Your job with the data below: print everything from the line that holds "finally show ?case ." down to the line that holds "by (simp only:)", ends included, exactly, and nothing else.
========================
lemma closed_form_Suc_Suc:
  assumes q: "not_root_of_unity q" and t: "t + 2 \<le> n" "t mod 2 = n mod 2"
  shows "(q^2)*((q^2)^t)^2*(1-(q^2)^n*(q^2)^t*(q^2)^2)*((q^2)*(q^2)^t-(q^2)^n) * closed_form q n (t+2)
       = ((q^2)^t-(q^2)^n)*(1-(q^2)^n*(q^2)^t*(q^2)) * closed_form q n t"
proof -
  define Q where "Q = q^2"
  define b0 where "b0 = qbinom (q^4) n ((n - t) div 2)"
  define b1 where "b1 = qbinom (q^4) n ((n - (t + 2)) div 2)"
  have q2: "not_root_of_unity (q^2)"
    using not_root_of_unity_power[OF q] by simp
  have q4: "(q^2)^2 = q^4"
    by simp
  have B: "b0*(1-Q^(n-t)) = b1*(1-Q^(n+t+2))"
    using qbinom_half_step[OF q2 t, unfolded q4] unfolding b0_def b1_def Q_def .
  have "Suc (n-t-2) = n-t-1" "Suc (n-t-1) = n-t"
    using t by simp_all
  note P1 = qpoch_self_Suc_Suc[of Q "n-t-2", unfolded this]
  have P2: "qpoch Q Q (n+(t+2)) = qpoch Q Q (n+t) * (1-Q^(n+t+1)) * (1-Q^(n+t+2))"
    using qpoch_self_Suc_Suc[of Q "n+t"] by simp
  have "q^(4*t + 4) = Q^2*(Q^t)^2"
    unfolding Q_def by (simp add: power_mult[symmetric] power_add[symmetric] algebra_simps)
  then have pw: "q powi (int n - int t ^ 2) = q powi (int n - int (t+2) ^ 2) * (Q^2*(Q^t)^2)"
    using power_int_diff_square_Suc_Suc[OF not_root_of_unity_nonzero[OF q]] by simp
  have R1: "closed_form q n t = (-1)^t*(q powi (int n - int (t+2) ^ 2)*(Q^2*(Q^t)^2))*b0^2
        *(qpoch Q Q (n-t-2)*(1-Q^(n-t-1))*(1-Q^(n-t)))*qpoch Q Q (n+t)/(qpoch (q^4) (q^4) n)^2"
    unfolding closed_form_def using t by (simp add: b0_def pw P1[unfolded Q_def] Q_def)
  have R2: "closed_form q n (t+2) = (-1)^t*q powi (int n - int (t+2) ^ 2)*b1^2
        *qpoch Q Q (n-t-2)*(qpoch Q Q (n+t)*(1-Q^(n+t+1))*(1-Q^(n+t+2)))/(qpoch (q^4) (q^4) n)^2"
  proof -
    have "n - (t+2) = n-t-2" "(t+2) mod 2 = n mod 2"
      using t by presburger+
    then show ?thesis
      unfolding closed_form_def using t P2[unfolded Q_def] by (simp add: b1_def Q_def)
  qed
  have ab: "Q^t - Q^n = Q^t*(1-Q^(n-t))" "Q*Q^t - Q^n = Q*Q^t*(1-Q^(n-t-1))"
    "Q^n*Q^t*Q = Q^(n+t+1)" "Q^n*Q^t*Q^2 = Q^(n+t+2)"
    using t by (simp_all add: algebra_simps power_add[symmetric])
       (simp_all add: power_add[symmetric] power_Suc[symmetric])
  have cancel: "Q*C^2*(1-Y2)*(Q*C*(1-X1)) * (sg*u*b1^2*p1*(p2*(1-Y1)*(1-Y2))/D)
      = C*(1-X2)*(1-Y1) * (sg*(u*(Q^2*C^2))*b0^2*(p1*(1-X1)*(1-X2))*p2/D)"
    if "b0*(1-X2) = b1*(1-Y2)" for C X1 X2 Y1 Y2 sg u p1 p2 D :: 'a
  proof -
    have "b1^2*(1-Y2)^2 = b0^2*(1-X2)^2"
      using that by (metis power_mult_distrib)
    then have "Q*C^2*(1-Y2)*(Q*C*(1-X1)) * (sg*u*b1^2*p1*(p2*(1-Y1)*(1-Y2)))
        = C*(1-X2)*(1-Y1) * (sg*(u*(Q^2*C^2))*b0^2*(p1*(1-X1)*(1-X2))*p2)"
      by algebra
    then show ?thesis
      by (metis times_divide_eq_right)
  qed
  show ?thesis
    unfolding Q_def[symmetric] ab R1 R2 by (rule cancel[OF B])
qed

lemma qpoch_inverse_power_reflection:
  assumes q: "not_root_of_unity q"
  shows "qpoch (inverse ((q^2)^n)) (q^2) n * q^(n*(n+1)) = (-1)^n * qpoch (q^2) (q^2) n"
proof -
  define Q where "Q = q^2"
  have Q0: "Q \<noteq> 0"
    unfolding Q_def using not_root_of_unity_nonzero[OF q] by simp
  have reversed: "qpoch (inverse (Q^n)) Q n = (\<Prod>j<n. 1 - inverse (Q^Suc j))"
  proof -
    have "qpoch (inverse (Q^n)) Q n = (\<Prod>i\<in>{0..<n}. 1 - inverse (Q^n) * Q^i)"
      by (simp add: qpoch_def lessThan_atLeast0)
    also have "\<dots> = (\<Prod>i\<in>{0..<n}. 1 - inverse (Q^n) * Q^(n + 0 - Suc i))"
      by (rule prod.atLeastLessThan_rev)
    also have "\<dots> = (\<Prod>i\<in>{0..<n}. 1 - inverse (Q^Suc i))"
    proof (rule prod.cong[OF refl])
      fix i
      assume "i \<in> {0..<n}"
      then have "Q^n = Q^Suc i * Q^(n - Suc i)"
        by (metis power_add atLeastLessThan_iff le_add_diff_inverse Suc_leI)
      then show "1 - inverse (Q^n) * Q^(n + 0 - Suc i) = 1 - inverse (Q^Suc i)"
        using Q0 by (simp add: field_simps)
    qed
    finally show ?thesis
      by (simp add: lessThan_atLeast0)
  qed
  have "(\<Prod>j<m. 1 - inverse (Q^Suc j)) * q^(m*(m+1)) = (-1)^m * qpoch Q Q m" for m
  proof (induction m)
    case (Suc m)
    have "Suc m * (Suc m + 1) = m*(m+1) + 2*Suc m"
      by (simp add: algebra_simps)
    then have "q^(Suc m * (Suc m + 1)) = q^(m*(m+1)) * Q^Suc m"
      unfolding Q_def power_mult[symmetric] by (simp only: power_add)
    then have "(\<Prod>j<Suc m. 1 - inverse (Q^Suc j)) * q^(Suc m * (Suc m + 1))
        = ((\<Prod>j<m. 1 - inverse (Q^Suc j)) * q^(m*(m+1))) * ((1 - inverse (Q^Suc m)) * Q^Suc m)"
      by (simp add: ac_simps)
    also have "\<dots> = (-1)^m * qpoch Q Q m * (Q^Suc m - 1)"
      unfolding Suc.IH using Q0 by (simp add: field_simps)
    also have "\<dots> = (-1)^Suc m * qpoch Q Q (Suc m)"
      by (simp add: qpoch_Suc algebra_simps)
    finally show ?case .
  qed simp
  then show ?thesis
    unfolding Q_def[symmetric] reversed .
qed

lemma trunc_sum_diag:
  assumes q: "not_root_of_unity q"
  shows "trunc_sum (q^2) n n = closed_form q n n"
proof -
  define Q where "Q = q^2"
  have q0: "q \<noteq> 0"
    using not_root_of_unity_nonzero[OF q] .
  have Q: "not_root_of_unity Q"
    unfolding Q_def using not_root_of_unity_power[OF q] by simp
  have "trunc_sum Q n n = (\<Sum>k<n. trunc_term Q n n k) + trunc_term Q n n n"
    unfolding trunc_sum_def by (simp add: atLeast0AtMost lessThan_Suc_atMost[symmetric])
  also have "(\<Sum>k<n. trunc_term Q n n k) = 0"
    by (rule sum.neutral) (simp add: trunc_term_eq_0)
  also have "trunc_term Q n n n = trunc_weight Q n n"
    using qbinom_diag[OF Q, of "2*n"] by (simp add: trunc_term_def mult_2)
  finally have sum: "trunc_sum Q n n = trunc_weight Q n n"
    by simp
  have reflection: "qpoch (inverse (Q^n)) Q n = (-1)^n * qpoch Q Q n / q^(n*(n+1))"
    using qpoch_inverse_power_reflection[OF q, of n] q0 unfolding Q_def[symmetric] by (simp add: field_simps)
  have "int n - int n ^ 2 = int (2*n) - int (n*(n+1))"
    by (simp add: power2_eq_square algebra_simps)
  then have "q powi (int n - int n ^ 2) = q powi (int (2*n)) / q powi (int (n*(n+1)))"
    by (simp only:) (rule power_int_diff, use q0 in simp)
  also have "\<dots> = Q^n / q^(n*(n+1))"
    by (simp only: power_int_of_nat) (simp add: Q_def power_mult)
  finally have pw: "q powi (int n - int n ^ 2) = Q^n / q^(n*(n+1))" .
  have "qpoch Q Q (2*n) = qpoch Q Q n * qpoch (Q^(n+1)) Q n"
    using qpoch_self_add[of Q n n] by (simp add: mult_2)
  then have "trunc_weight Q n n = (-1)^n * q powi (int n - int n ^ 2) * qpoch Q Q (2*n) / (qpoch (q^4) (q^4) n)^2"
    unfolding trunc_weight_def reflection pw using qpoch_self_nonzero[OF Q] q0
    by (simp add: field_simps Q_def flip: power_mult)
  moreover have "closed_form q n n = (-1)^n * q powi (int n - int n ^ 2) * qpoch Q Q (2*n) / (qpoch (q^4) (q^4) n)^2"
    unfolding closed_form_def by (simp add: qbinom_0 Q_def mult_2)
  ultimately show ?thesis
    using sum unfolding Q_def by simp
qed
========================
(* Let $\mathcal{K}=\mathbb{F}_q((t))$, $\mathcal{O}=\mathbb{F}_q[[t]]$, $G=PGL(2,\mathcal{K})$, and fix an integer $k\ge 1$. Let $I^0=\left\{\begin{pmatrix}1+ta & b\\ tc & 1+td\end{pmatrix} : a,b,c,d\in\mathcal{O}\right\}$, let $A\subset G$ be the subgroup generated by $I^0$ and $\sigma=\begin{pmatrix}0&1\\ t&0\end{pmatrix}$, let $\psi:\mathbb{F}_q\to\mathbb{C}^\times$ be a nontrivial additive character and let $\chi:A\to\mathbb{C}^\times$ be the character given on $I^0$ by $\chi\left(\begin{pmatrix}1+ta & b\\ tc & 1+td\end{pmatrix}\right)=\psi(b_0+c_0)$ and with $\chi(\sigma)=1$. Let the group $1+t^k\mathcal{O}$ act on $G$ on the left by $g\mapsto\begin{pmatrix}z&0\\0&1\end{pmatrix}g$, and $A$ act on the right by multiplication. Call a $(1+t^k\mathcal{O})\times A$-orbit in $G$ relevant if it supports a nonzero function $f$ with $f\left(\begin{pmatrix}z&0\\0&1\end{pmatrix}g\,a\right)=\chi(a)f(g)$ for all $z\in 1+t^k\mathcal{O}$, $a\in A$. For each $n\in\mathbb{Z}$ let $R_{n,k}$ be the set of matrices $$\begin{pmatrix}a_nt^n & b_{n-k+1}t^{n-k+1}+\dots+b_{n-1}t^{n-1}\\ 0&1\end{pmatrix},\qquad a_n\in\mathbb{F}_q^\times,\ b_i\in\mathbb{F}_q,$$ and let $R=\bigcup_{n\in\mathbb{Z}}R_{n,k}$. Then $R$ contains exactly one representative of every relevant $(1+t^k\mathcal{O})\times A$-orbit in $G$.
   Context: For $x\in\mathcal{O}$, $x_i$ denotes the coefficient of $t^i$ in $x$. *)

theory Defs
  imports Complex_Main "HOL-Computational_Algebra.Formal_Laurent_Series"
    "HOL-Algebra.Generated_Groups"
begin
========================
§ **Response for this exercise**:
    finally show ?case .
  qed simp
  then show ?thesis
    unfolding Q_def[symmetric] reversed .
qed

lemma trunc_sum_diag:
  assumes q: "not_root_of_unity q"
  shows "trunc_sum (q^2) n n = closed_form q n n"
proof -
  define Q where "Q = q^2"
  have q0: "q \<noteq> 0"
    using not_root_of_unity_nonzero[OF q] .
  have Q: "not_root_of_unity Q"
    unfolding Q_def using not_root_of_unity_power[OF q] by simp
  have "trunc_sum Q n n = (\<Sum>k<n. trunc_term Q n n k) + trunc_term Q n n n"
    unfolding trunc_sum_def by (simp add: atLeast0AtMost lessThan_Suc_atMost[symmetric])
  also have "(\<Sum>k<n. trunc_term Q n n k) = 0"
    by (rule sum.neutral) (simp add: trunc_term_eq_0)
  also have "trunc_term Q n n n = trunc_weight Q n n"
    using qbinom_diag[OF Q, of "2*n"] by (simp add: trunc_term_def mult_2)
  finally have sum: "trunc_sum Q n n = trunc_weight Q n n"
    by simp
  have reflection: "qpoch (inverse (Q^n)) Q n = (-1)^n * qpoch Q Q n / q^(n*(n+1))"
    using qpoch_inverse_power_reflection[OF q, of n] q0 unfolding Q_def[symmetric] by (simp add: field_simps)
  have "int n - int n ^ 2 = int (2*n) - int (n*(n+1))"
    by (simp add: power2_eq_square algebra_simps)
  then have "q powi (int n - int n ^ 2) = q powi (int (2*n)) / q powi (int (n*(n+1)))"
    by (simp only:) (rule power_int_diff, use q0 in simp)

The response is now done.